Print exactly the lines starting at the one that contains "by (simp add: add.commute)" and ending at the last line of the listing below.

########################################

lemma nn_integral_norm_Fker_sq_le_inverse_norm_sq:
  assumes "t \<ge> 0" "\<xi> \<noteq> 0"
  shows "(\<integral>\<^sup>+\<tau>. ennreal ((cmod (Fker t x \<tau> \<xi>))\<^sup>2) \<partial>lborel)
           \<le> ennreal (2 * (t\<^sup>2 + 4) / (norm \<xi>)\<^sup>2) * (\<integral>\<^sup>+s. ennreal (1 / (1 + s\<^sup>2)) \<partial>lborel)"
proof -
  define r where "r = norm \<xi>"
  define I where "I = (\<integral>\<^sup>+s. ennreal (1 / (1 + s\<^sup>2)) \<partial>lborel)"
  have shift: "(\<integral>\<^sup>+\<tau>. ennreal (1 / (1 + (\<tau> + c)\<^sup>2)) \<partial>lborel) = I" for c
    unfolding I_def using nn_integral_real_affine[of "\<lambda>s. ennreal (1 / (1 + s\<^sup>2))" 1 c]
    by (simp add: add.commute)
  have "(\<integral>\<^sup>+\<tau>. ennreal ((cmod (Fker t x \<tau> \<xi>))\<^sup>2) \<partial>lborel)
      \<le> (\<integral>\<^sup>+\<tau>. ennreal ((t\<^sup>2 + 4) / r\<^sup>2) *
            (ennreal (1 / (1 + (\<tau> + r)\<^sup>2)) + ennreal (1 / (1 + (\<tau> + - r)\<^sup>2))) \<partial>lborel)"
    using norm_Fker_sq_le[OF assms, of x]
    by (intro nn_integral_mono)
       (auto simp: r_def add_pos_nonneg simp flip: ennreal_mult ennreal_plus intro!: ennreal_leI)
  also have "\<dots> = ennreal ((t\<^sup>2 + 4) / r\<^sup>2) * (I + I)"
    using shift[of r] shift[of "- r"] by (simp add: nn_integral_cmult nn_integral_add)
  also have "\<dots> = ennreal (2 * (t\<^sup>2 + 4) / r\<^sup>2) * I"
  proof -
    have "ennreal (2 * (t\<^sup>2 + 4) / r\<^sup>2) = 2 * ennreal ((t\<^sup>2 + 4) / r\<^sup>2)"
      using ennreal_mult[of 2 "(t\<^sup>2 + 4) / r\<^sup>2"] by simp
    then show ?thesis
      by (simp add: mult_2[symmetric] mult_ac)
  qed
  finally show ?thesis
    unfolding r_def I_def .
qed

########################################

◆ EXERCISE SOLUTION
    by (simp add: add.commute)
  have "(\<integral>\<^sup>+\<tau>. ennreal ((cmod (Fker t x \<tau> \<xi>))\<^sup>2) \<partial>lborel)
      \<le> (\<integral>\<^sup>+\<tau>. ennreal ((t\<^sup>2 + 4) / r\<^sup>2) *
            (ennreal (1 / (1 + (\<tau> + r)\<^sup>2)) + ennreal (1 / (1 + (\<tau> + - r)\<^sup>2))) \<partial>lborel)"
    using norm_Fker_sq_le[OF assms, of x]
    by (intro nn_integral_mono)
       (auto simp: r_def add_pos_nonneg simp flip: ennreal_mult ennreal_plus intro!: ennreal_leI)
  also have "\<dots> = ennreal ((t\<^sup>2 + 4) / r\<^sup>2) * (I + I)"
    using shift[of r] shift[of "- r"] by (simp add: nn_integral_cmult nn_integral_add)
  also have "\<dots> = ennreal (2 * (t\<^sup>2 + 4) / r\<^sup>2) * I"
  proof -
    have "ennreal (2 * (t\<^sup>2 + 4) / r\<^sup>2) = 2 * ennreal ((t\<^sup>2 + 4) / r\<^sup>2)"
      using ennreal_mult[of 2 "(t\<^sup>2 + 4) / r\<^sup>2"] by simp
    then show ?thesis
      by (simp add: mult_2[symmetric] mult_ac)
  qed
  finally show ?thesis
    unfolding r_def I_def .
qed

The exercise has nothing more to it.